(Beginning of DATA FOR THIS EXERCISE)
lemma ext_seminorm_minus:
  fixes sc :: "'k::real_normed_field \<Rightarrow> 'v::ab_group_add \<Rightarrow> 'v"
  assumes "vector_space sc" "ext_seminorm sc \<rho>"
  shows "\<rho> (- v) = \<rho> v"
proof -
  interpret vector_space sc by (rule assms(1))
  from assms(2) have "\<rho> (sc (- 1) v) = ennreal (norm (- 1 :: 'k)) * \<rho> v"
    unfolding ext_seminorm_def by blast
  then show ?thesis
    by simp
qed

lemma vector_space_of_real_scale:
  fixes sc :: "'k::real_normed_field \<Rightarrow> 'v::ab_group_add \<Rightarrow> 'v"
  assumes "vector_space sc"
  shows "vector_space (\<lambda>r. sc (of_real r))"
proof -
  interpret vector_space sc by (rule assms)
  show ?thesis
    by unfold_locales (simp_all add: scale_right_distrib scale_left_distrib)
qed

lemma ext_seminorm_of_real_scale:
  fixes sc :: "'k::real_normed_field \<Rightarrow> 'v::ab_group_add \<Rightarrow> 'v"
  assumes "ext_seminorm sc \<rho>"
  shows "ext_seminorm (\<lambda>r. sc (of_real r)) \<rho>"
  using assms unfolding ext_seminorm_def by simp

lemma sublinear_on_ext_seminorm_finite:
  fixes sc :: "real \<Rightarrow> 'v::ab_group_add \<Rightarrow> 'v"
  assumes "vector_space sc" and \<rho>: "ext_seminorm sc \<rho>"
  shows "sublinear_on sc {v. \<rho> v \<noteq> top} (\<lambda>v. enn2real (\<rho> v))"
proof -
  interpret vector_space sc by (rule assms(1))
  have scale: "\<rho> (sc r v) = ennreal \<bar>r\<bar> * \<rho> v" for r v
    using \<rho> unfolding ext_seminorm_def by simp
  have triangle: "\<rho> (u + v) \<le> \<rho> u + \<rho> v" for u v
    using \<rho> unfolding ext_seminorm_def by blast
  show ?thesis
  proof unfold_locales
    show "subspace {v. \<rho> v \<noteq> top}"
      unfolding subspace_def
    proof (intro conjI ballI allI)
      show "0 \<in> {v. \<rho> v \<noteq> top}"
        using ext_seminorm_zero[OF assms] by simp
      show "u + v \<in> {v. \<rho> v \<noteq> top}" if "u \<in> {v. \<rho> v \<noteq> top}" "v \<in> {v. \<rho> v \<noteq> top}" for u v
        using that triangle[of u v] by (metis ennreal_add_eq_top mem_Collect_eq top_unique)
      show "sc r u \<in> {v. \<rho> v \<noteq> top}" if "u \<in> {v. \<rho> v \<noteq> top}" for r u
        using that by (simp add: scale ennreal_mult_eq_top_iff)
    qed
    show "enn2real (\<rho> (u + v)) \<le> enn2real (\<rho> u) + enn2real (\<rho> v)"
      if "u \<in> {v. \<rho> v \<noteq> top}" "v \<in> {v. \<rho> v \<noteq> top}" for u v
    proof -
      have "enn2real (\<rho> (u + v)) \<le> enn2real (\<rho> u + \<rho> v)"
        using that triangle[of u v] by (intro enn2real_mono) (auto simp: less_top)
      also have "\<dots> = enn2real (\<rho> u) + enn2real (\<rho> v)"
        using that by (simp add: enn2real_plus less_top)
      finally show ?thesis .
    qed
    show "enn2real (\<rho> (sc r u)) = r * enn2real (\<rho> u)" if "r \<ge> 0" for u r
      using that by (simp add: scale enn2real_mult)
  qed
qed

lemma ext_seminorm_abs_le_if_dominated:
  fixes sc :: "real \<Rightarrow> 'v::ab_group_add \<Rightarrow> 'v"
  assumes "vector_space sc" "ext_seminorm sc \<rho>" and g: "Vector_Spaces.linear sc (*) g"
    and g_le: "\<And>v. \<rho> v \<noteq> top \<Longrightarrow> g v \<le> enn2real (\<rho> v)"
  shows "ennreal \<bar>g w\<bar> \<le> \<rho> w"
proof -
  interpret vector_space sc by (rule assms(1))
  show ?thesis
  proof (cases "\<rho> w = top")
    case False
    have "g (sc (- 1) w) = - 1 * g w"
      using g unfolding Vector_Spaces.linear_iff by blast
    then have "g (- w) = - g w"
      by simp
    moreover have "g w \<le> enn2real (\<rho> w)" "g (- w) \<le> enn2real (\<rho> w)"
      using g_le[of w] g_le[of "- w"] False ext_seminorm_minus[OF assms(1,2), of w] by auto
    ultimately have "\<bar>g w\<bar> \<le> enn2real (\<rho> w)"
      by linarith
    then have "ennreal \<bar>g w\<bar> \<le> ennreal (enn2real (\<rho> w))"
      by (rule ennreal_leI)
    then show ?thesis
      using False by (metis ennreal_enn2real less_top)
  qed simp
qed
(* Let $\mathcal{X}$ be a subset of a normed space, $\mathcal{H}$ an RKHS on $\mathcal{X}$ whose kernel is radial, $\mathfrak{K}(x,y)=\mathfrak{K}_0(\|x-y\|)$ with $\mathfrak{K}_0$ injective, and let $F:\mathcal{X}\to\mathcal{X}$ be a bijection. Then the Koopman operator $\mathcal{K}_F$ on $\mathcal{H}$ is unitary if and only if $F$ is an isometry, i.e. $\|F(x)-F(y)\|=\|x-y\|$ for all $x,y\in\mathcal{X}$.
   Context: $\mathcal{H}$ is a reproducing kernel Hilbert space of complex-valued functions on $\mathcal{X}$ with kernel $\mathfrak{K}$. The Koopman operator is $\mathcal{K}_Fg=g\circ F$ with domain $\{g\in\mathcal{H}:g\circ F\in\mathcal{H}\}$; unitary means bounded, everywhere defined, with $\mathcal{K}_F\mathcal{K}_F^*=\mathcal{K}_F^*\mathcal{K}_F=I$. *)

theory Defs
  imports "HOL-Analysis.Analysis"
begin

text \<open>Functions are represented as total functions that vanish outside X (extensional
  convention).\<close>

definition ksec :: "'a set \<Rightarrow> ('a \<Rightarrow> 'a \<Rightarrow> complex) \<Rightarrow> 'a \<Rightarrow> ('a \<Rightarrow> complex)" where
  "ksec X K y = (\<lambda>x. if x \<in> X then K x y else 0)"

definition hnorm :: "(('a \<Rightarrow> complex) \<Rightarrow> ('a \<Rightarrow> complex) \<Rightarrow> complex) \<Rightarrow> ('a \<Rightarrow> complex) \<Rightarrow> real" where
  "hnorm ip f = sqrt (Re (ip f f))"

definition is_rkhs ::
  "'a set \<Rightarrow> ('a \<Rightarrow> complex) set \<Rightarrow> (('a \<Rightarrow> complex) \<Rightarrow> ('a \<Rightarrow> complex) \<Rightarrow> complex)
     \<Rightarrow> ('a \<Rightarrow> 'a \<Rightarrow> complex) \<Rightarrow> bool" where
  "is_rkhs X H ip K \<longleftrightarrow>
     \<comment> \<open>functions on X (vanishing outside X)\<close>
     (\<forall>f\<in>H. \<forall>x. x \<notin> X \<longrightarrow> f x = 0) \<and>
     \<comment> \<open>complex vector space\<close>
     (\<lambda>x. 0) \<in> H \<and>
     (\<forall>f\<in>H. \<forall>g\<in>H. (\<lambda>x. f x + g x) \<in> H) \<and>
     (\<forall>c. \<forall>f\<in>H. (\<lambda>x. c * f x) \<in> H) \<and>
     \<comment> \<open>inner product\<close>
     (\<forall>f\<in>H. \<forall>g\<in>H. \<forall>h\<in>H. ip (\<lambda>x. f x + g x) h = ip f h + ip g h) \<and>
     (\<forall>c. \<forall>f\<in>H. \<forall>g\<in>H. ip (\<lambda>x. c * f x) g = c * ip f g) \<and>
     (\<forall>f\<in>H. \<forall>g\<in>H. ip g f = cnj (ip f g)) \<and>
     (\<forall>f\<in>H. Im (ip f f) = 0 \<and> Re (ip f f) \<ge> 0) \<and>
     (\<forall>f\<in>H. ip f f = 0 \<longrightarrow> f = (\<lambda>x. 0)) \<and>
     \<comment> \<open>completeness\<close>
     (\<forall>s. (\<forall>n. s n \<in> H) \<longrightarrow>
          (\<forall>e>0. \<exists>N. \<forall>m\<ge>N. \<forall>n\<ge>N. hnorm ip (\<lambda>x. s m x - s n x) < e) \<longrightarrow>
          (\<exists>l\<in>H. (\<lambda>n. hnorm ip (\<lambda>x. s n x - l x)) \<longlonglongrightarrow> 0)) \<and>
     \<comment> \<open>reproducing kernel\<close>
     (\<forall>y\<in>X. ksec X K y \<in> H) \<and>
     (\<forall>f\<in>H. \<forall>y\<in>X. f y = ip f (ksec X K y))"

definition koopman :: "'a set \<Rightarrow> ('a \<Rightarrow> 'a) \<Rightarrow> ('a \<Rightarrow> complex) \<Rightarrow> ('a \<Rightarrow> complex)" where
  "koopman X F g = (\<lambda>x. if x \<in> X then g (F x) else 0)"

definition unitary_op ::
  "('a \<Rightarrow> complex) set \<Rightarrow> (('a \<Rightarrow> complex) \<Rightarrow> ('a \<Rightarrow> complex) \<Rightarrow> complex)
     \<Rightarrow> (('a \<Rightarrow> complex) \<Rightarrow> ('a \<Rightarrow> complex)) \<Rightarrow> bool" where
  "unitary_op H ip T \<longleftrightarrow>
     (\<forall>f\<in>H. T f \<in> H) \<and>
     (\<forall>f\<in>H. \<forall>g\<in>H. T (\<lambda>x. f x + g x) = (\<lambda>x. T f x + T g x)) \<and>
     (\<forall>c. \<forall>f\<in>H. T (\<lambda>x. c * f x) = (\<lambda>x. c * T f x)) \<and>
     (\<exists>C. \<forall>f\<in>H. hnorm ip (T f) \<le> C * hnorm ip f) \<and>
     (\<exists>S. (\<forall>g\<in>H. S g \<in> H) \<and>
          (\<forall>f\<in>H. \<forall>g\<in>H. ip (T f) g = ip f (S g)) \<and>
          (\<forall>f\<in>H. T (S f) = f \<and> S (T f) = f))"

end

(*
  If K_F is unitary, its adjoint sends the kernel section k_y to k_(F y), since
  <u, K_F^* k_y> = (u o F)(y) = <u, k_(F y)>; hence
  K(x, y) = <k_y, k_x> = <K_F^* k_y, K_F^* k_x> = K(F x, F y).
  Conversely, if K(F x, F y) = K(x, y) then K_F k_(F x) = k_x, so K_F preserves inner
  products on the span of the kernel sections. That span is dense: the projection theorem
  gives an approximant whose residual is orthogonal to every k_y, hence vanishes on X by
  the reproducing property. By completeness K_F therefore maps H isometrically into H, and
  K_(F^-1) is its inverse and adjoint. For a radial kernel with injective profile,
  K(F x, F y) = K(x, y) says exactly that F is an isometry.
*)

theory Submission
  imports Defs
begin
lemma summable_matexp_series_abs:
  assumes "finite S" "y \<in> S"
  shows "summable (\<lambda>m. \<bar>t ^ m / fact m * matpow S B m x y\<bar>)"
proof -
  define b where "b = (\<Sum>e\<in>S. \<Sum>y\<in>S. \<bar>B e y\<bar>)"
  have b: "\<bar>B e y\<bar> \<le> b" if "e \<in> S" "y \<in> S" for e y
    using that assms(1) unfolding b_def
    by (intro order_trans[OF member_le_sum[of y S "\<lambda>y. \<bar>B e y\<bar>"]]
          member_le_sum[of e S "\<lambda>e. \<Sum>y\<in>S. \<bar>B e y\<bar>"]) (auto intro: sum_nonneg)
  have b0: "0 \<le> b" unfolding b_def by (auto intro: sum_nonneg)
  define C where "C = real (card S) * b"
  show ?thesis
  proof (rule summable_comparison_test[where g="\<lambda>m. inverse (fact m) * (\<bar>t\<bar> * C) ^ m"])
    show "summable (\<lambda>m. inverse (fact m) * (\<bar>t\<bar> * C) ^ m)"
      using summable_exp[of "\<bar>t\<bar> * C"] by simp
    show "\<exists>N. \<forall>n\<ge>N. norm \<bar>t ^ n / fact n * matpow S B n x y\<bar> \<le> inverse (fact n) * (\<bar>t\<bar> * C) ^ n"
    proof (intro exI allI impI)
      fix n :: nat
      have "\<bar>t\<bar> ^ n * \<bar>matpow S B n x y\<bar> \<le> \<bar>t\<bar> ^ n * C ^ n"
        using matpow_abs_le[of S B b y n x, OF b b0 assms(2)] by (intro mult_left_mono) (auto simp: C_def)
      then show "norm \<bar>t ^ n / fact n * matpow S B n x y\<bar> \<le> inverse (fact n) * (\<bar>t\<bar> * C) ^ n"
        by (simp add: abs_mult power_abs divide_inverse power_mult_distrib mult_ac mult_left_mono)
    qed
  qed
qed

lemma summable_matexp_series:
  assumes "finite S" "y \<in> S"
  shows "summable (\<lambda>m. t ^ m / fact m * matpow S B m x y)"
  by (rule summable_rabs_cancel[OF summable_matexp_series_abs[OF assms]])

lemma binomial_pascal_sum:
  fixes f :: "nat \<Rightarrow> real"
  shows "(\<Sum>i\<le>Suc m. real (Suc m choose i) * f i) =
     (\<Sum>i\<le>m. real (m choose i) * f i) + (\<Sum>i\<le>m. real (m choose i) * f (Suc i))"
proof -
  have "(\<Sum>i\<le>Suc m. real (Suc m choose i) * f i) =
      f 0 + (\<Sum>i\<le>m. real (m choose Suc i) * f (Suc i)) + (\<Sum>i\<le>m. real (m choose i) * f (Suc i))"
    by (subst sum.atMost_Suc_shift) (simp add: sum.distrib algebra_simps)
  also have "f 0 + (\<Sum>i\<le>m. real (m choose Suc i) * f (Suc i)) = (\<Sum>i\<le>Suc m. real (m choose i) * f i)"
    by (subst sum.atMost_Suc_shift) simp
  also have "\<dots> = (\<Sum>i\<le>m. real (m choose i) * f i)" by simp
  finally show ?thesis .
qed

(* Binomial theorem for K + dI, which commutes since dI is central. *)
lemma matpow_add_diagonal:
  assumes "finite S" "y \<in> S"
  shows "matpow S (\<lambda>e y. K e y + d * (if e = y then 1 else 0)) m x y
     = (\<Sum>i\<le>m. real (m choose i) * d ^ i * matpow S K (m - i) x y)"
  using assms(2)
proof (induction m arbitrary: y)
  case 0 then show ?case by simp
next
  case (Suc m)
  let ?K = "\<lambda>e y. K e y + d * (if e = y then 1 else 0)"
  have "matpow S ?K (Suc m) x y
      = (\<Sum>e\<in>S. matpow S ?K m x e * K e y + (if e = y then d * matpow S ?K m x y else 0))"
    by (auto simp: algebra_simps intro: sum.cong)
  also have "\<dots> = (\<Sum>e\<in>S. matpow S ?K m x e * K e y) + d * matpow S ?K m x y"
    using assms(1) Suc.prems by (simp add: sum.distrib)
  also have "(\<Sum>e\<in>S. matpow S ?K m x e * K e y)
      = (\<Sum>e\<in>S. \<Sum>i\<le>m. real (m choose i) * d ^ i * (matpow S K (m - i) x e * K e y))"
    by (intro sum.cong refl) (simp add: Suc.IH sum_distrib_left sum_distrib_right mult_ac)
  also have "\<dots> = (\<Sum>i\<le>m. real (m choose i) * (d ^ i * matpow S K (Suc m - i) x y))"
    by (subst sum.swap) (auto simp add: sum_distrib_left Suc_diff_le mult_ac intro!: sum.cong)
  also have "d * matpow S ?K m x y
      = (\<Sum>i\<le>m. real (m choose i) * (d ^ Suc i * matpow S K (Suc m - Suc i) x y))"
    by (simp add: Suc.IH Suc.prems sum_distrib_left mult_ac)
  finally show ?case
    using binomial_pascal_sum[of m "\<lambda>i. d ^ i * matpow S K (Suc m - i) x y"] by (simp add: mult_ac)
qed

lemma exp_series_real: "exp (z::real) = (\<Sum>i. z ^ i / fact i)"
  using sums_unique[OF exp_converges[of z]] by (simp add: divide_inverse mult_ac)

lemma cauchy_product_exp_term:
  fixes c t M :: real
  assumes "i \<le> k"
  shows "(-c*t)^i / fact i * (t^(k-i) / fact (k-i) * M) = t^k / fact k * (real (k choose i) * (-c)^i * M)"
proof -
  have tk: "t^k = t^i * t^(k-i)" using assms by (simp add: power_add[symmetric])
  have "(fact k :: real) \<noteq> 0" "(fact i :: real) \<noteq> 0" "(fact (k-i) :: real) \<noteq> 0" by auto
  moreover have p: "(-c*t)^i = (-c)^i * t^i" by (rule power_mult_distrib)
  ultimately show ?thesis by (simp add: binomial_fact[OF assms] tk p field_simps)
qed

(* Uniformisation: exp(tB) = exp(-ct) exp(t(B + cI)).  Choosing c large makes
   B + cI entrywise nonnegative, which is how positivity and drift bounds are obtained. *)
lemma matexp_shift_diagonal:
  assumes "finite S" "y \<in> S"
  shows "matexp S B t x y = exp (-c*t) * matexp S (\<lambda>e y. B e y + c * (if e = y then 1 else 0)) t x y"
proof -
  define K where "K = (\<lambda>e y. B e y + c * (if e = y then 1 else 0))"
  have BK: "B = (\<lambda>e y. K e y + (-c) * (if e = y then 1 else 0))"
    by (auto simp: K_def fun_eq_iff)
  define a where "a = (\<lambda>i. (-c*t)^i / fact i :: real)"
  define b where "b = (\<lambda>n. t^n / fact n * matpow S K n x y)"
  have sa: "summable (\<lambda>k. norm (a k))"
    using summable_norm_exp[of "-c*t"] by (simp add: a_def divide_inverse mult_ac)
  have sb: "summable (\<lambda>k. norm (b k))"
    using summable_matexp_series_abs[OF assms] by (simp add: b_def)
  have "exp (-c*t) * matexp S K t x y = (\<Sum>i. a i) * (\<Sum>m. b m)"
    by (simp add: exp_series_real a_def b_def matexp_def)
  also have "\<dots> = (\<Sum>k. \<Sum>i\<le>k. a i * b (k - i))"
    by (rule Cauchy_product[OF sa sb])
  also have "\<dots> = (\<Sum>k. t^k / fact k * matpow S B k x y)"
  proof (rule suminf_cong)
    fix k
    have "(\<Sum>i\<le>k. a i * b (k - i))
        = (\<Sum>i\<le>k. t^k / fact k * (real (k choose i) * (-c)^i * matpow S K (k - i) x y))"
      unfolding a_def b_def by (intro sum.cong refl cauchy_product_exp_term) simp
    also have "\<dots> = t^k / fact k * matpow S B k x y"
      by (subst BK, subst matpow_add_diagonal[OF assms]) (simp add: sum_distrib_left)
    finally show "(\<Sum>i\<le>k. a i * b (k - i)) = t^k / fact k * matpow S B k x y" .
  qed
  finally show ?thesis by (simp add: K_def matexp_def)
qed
(End of DATA FOR THIS EXERCISE)
THE PROBLEM: Search the data above for the string "close" and copy each line that has it.

RESULT:
  convention).\<close>
     \<comment> \<open>functions on X (vanishing outside X)\<close>
     \<comment> \<open>complex vector space\<close>
     \<comment> \<open>inner product\<close>
     \<comment> \<open>completeness\<close>
     \<comment> \<open>reproducing kernel\<close>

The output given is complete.